_Data to examine_:
(* Let $n\ge2$, $t_1<\dots<t_n$, and for $j=1,\dots,n-1$ let $\lambda_{0,j}\le\lambda_{1,j}$ be real. For $f\in C^2[t_1,t_n]$ let $I_2(f)$ be the continuous function on $[t_1,t_n]$ whose restriction to each $[t_j,t_{j+1}]$ lies in $E(\lambda_{0,j},\lambda_{1,j})$ and which satisfies $I_2(f)(t_j)=f(t_j)$ for $j=1,\dots,n$. Then $$\|f-I_2(f)\|_{[t_1,t_n]}\le\max_{1\le j\le n-1}M^{t_j,t_{j+1}}_{\lambda_{0,j},\lambda_{1,j}}\cdot\max_{1\le j\le n-1}\max_{\theta\in[t_j,t_{j+1}]}\left|L_{(\lambda_{0,j},\lambda_{1,j})}f(\theta)\right|.$$
   Context: $\|g\|_{[a,b]}=\max_{t\in[a,b]}|g(t)|$. For real $\lambda_0,\dots,\lambda_N$, $L_{(\lambda_0,\dots,\lambda_N)}=\prod_{j=0}^N(\frac{d}{dt}-\lambda_j)$ and $E(\lambda_0,\dots,\lambda_N)=\{f\in C^{N+1}(\mathbb{R}):L_{(\lambda_0,\dots,\lambda_N)}f=0\}$. For real $\mu_0,\mu_1$ and $a<b$, $\Omega^{a,b}_{\mu_0,\mu_1,0}$ denotes the unique $u\in E(\mu_0,\mu_1,0)$ with $u(a)=u(b)=0$ and $L_{(\mu_0,\mu_1)}u\equiv-1$, and $M^{a,b}_{\mu_0,\mu_1}:=\max_{t\in[a,b]}|\Omega^{a,b}_{\mu_0,\mu_1,0}(t)|$. *)

theory Defs
  imports "HOL-Analysis.Analysis"
begin

definition supnorm_on :: "real \<Rightarrow> real \<Rightarrow> (real \<Rightarrow> real) \<Rightarrow> real" where
  "supnorm_on a b g = Sup ((\<lambda>t. \<bar>g t\<bar>) ` {a..b})"

definition Dop :: "real \<Rightarrow> (real \<Rightarrow> real) \<Rightarrow> (real \<Rightarrow> real)" where
  "Dop lam g = (\<lambda>t. deriv g t - lam * g t)"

_Your task_:
From the first line to the last, copy every record exactly.

_Expected answer_:
(* Let $n\ge2$, $t_1<\dots<t_n$, and for $j=1,\dots,n-1$ let $\lambda_{0,j}\le\lambda_{1,j}$ be real. For $f\in C^2[t_1,t_n]$ let $I_2(f)$ be the continuous function on $[t_1,t_n]$ whose restriction to each $[t_j,t_{j+1}]$ lies in $E(\lambda_{0,j},\lambda_{1,j})$ and which satisfies $I_2(f)(t_j)=f(t_j)$ for $j=1,\dots,n$. Then $$\|f-I_2(f)\|_{[t_1,t_n]}\le\max_{1\le j\le n-1}M^{t_j,t_{j+1}}_{\lambda_{0,j},\lambda_{1,j}}\cdot\max_{1\le j\le n-1}\max_{\theta\in[t_j,t_{j+1}]}\left|L_{(\lambda_{0,j},\lambda_{1,j})}f(\theta)\right|.$$
   Context: $\|g\|_{[a,b]}=\max_{t\in[a,b]}|g(t)|$. For real $\lambda_0,\dots,\lambda_N$, $L_{(\lambda_0,\dots,\lambda_N)}=\prod_{j=0}^N(\frac{d}{dt}-\lambda_j)$ and $E(\lambda_0,\dots,\lambda_N)=\{f\in C^{N+1}(\mathbb{R}):L_{(\lambda_0,\dots,\lambda_N)}f=0\}$. For real $\mu_0,\mu_1$ and $a<b$, $\Omega^{a,b}_{\mu_0,\mu_1,0}$ denotes the unique $u\in E(\mu_0,\mu_1,0)$ with $u(a)=u(b)=0$ and $L_{(\mu_0,\mu_1)}u\equiv-1$, and $M^{a,b}_{\mu_0,\mu_1}:=\max_{t\in[a,b]}|\Omega^{a,b}_{\mu_0,\mu_1,0}(t)|$. *)

theory Defs
  imports "HOL-Analysis.Analysis"
begin

definition supnorm_on :: "real \<Rightarrow> real \<Rightarrow> (real \<Rightarrow> real) \<Rightarrow> real" where
  "supnorm_on a b g = Sup ((\<lambda>t. \<bar>g t\<bar>) ` {a..b})"

definition Dop :: "real \<Rightarrow> (real \<Rightarrow> real) \<Rightarrow> (real \<Rightarrow> real)" where
  "Dop lam g = (\<lambda>t. deriv g t - lam * g t)"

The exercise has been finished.